**DIRECTIONS**
Copy exactly the lines of the data below that run from the line holding "(simp add: minus_divide_left)" through the line holding "unfolding expand by", both ends included.
[GIVEN DATA — start]
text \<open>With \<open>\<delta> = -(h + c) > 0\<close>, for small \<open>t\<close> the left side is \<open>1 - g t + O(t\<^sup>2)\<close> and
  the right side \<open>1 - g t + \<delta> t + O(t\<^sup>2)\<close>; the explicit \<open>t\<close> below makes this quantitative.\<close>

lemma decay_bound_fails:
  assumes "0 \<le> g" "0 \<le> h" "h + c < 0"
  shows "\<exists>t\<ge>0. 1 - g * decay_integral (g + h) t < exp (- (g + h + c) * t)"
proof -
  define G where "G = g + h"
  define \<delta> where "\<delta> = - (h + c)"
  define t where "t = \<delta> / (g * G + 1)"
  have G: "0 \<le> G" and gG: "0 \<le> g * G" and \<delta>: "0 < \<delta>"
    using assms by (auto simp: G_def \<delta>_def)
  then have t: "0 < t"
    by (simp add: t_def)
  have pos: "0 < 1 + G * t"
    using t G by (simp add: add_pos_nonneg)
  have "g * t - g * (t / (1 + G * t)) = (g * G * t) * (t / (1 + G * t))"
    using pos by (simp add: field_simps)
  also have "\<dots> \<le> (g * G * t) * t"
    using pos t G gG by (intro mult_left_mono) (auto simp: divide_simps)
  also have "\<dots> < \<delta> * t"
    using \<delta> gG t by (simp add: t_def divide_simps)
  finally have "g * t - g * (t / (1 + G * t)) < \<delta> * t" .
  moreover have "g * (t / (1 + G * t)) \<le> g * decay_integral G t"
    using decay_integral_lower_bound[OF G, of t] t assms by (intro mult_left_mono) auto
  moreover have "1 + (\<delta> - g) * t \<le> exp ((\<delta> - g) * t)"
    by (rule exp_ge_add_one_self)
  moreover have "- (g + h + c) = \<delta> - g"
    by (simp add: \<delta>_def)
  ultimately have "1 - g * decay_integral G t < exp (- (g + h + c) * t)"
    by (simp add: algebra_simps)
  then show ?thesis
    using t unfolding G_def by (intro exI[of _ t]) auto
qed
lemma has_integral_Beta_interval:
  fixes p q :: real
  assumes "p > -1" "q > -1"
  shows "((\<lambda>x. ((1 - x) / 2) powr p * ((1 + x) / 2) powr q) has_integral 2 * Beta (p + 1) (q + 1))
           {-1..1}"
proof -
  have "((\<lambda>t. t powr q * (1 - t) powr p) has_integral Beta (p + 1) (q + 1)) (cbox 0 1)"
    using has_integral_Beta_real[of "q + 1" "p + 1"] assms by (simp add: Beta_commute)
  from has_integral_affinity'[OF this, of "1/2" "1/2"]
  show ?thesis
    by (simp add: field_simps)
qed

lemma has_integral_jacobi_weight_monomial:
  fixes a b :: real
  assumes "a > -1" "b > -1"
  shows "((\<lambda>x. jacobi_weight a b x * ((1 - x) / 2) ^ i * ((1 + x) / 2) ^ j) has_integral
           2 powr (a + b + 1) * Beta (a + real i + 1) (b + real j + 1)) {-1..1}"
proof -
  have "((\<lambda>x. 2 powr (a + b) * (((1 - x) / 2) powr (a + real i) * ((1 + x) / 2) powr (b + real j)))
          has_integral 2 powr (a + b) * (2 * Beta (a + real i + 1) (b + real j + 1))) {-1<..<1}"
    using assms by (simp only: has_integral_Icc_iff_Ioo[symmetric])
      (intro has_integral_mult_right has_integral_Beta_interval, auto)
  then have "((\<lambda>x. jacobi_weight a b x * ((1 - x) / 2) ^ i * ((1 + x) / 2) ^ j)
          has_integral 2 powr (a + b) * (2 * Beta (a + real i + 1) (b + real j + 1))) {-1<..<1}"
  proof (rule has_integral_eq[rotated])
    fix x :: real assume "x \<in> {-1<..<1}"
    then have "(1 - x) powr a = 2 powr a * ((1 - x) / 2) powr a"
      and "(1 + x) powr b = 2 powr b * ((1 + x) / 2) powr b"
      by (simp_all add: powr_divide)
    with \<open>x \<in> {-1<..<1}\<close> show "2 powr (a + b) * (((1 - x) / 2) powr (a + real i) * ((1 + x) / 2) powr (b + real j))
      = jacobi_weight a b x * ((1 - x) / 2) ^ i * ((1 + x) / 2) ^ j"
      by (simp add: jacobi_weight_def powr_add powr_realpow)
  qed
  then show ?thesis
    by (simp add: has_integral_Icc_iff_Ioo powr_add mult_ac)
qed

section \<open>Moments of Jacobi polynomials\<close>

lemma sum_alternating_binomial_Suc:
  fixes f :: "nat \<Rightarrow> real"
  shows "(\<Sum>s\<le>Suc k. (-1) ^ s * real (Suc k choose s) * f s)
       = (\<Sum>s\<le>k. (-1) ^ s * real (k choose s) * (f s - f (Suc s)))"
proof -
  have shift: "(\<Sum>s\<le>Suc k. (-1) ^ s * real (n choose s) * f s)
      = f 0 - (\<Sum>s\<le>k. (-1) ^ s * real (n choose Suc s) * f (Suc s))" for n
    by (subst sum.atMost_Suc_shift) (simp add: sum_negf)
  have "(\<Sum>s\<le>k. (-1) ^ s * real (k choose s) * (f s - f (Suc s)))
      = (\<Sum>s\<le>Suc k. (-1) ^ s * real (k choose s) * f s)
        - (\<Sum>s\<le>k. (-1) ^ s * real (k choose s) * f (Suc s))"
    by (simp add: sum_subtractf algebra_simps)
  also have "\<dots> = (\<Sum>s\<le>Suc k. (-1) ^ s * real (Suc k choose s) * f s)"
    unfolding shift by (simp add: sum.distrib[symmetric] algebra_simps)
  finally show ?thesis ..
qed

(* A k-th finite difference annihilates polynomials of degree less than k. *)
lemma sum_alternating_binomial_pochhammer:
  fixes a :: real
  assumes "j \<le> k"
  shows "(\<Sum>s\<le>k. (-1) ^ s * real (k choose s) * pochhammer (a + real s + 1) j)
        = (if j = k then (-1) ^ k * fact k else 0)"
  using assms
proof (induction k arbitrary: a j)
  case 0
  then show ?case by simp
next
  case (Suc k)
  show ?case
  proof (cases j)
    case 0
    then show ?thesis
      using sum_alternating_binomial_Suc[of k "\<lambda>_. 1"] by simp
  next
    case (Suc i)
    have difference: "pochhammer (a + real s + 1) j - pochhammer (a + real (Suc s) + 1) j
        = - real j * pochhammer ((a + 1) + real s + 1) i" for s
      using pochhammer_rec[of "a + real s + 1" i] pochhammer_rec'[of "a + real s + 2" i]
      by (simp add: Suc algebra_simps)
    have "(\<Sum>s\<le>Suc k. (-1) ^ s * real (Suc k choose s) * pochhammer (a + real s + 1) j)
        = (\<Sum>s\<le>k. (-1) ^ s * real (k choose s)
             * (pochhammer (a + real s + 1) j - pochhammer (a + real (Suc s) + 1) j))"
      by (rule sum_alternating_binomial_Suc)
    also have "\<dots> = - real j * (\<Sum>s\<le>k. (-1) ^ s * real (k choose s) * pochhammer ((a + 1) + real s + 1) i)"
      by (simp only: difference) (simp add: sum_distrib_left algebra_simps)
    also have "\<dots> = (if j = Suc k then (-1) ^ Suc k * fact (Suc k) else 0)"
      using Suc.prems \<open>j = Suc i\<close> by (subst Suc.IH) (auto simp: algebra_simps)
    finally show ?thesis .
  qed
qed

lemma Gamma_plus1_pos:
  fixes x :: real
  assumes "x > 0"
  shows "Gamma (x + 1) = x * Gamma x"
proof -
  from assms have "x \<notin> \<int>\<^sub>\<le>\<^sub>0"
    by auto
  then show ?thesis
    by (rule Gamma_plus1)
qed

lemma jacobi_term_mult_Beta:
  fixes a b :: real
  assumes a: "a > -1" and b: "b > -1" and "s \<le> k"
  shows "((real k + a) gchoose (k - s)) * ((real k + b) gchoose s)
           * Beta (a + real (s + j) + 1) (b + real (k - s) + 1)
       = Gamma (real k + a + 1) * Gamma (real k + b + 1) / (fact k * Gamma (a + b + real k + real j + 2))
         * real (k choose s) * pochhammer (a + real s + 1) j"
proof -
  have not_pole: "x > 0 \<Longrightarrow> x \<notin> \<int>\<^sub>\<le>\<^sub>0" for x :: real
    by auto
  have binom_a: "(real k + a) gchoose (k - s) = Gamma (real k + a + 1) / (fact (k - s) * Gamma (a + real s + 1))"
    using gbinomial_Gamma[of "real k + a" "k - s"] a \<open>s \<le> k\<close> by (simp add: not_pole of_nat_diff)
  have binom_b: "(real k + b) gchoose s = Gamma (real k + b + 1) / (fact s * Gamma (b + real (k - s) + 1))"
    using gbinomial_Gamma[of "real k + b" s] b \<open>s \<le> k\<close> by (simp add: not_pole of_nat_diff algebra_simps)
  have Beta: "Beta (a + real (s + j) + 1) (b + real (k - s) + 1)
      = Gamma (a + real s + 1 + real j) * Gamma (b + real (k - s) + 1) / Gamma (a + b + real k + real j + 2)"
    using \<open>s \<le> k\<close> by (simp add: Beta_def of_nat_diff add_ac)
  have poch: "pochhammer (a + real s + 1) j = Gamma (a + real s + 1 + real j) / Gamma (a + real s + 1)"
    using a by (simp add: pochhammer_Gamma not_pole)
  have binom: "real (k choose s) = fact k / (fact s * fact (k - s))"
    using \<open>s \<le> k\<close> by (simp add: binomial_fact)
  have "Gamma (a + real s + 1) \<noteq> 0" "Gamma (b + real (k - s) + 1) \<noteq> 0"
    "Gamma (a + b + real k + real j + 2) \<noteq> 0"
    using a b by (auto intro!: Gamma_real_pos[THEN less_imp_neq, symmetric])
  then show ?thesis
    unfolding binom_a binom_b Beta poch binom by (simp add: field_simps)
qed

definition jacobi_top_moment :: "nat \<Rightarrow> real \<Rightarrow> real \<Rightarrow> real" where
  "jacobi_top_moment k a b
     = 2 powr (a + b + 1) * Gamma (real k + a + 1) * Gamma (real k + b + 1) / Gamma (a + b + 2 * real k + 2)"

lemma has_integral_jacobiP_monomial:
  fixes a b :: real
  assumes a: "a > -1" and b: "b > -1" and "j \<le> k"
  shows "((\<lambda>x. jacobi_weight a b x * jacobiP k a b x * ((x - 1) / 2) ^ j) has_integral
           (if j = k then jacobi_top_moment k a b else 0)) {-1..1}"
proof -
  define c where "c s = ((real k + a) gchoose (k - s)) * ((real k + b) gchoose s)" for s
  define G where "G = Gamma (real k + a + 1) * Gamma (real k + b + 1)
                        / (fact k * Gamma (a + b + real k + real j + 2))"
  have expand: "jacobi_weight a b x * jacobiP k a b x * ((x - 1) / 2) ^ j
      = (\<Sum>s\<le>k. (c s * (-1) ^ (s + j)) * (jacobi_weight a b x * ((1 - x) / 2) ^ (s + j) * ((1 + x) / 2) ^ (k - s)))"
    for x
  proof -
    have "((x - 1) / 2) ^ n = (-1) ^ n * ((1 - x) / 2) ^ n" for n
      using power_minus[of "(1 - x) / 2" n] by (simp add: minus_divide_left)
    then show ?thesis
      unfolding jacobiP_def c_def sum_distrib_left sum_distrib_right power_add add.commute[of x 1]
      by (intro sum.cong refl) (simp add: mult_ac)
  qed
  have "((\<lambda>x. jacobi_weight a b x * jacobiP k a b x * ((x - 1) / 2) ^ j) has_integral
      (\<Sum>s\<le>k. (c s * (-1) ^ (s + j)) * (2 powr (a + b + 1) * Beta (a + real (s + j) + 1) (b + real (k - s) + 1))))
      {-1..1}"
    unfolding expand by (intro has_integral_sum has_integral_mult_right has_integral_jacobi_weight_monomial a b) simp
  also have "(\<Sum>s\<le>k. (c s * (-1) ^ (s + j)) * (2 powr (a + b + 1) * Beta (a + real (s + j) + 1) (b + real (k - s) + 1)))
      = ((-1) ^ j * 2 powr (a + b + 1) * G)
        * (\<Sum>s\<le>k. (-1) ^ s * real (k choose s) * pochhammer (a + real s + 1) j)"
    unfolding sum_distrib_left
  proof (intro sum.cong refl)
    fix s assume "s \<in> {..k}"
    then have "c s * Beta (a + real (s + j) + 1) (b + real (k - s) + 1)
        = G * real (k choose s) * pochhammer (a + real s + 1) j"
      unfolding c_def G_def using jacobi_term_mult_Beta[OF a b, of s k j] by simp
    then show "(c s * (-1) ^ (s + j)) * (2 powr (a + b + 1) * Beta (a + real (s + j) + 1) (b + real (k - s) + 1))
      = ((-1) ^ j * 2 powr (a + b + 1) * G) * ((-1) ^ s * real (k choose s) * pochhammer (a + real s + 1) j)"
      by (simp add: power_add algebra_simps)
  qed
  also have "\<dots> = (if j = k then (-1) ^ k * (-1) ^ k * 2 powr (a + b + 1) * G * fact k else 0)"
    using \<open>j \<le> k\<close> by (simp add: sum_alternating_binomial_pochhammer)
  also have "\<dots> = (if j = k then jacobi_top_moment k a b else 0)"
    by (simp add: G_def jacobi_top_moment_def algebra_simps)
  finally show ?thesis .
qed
[GIVEN DATA — finish]
**TASK ANSWER**
      using power_minus[of "(1 - x) / 2" n] by (simp add: minus_divide_left)
    then show ?thesis
      unfolding jacobiP_def c_def sum_distrib_left sum_distrib_right power_add add.commute[of x 1]
      by (intro sum.cong refl) (simp add: mult_ac)
  qed
  have "((\<lambda>x. jacobi_weight a b x * jacobiP k a b x * ((x - 1) / 2) ^ j) has_integral
      (\<Sum>s\<le>k. (c s * (-1) ^ (s + j)) * (2 powr (a + b + 1) * Beta (a + real (s + j) + 1) (b + real (k - s) + 1))))
      {-1..1}"
    unfolding expand by (intro has_integral_sum has_integral_mult_right has_integral_jacobi_weight_monomial a b) simp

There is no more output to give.